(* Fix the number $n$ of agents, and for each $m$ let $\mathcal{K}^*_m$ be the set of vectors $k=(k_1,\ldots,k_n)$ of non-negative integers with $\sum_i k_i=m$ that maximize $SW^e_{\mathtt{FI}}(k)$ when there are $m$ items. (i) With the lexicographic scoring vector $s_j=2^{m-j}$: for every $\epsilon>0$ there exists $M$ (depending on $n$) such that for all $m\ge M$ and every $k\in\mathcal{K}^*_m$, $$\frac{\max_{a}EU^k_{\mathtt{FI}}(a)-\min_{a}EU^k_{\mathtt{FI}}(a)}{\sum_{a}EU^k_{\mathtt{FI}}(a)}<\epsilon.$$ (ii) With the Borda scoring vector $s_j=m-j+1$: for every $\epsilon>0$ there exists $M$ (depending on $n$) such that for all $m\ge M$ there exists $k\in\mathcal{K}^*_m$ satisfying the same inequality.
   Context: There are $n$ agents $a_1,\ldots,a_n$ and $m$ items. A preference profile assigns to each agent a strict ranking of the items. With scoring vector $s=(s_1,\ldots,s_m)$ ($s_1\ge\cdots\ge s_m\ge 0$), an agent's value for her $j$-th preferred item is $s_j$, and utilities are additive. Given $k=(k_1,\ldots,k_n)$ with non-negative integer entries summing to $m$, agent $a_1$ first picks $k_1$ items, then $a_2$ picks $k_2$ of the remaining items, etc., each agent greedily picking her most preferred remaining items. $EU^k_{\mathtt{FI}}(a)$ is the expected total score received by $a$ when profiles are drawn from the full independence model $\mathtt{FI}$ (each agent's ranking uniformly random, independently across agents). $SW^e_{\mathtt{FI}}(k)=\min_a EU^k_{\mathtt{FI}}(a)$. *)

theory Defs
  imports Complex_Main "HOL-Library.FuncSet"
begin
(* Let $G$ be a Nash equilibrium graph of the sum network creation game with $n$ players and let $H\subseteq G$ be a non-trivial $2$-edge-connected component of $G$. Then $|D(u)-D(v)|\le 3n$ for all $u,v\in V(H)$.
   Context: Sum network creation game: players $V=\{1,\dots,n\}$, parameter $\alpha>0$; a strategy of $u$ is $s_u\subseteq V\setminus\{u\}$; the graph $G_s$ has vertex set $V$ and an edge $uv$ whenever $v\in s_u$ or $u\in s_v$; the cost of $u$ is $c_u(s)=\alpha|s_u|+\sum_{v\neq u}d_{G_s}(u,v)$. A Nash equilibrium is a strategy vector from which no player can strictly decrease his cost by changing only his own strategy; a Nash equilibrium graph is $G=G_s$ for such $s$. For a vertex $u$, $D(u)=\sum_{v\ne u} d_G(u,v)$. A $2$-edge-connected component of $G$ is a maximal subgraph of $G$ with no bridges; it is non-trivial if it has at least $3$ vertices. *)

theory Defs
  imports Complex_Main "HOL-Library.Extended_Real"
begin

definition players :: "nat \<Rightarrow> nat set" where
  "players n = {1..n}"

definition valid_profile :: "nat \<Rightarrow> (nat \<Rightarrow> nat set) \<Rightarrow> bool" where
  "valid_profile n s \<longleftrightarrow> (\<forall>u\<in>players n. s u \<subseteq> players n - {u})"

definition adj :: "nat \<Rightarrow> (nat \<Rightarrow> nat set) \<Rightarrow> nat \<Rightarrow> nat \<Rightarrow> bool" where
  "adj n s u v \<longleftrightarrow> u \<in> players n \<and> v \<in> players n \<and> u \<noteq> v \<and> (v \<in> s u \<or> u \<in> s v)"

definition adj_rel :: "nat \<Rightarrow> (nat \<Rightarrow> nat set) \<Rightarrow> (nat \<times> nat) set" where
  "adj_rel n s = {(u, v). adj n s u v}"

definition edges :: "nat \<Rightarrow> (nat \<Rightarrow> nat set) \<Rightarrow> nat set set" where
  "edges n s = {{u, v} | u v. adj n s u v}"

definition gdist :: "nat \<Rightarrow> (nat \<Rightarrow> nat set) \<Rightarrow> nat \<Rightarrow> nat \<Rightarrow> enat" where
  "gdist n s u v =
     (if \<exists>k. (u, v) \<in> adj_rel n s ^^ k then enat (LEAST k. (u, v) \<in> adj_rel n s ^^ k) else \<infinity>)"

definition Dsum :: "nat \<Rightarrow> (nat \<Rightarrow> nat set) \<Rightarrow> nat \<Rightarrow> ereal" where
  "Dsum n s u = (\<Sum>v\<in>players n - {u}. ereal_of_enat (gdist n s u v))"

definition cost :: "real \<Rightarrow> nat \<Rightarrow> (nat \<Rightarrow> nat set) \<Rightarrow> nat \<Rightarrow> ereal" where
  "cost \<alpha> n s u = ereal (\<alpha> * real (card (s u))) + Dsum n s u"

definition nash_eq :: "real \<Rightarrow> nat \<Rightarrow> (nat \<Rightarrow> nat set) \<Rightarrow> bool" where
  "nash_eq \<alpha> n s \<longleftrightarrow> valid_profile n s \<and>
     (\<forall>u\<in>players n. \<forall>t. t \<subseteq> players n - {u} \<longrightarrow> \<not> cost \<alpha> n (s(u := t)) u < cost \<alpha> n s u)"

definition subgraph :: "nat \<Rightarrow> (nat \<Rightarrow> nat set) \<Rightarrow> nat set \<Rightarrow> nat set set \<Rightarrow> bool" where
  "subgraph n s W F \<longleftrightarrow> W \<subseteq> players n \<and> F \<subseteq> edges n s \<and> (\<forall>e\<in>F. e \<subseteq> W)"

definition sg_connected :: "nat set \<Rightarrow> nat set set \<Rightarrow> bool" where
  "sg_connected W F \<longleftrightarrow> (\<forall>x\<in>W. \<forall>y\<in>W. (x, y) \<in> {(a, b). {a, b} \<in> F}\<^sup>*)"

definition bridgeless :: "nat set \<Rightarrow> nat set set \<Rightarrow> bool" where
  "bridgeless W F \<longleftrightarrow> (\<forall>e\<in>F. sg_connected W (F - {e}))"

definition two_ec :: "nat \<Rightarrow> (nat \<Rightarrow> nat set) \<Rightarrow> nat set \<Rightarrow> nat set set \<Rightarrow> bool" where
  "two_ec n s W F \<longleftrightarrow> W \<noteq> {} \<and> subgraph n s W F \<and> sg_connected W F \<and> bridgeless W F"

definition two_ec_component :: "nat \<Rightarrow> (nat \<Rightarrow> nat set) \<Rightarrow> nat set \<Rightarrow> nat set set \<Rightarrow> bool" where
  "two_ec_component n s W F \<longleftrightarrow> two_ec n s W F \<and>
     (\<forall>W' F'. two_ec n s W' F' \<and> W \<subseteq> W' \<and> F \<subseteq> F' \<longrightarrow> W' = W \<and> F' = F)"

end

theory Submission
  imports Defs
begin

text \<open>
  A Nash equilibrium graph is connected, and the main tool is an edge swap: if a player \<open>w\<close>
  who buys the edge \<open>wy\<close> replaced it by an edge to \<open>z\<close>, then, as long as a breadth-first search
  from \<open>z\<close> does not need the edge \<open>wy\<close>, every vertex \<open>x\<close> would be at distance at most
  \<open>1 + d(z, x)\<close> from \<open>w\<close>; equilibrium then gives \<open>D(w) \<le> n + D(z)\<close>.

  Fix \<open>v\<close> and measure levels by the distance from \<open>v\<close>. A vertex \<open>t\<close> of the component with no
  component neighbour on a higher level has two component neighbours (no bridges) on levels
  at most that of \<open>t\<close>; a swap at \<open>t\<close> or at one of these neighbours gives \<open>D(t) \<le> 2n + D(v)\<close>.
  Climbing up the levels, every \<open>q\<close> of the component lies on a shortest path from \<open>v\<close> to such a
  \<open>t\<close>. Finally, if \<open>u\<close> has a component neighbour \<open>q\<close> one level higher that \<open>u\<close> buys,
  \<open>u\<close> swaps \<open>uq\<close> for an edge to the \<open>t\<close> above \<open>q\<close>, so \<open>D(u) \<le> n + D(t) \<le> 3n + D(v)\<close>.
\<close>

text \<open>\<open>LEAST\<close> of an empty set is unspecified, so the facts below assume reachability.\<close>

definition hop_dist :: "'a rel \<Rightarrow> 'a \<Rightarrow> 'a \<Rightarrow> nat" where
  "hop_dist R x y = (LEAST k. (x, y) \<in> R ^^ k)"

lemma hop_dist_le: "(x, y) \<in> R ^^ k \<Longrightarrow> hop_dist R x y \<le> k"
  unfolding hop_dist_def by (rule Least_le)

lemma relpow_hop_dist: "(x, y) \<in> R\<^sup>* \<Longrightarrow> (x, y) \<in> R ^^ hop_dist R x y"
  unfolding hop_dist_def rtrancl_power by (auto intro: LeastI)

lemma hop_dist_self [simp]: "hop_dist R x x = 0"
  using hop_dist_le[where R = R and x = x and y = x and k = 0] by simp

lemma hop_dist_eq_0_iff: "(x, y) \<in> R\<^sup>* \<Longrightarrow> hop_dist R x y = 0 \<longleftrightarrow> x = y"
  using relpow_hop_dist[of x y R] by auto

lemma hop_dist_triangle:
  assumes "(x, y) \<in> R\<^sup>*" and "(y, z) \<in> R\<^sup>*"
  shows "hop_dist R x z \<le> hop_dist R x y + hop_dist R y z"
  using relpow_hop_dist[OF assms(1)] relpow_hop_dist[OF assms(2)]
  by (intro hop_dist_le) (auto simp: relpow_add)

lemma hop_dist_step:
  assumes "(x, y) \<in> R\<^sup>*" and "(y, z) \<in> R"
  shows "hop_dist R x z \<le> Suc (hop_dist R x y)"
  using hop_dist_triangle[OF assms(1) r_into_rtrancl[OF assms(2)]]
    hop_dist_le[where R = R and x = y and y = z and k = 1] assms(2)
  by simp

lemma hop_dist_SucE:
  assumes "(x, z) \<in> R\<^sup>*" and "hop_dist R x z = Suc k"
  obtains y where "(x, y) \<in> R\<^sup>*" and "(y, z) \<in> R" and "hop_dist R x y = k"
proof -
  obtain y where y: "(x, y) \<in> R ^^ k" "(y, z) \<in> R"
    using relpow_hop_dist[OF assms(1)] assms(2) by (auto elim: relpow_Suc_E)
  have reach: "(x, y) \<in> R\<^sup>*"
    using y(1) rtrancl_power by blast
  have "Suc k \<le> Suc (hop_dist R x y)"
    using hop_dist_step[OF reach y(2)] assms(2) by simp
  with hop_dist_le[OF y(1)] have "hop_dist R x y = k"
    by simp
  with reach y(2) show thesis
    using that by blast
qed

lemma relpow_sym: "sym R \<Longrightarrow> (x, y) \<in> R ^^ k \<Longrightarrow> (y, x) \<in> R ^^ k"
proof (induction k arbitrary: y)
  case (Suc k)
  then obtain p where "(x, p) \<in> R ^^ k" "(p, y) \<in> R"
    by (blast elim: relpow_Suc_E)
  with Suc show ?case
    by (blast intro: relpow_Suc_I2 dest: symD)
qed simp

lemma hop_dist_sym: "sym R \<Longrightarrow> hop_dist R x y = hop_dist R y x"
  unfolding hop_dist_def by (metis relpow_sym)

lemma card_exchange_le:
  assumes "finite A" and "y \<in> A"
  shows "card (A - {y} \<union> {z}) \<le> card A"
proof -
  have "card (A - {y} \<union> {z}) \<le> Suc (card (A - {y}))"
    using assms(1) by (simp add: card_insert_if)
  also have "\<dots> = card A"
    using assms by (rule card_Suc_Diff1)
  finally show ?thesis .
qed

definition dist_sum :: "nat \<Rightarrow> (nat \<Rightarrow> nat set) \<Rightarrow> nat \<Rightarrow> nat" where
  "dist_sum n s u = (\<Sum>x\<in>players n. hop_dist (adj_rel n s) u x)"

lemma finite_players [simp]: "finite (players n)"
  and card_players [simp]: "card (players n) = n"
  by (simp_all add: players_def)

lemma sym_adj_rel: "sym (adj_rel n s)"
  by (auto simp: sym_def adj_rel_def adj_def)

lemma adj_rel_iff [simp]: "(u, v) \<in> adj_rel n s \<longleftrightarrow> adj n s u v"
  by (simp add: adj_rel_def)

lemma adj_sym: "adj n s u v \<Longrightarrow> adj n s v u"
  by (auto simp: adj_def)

☆ ☆ ☆ ☆

- **TASK TO CARRY OUT**:
Here the output must be the lines above from the line with "n + D(z)\<close>." to the line with "component neighbour on", both included, duplicated word for word and nothing else.

- **THE COMPLETED TASK**:
  \<open>1 + d(z, x)\<close> from \<open>w\<close>; equilibrium then gives \<open>D(w) \<le> n + D(z)\<close>.

  Fix \<open>v\<close> and measure levels by the distance from \<open>v\<close>. A vertex \<open>t\<close> of the component with no
  component neighbour on a higher level has two component neighbours (no bridges) on levels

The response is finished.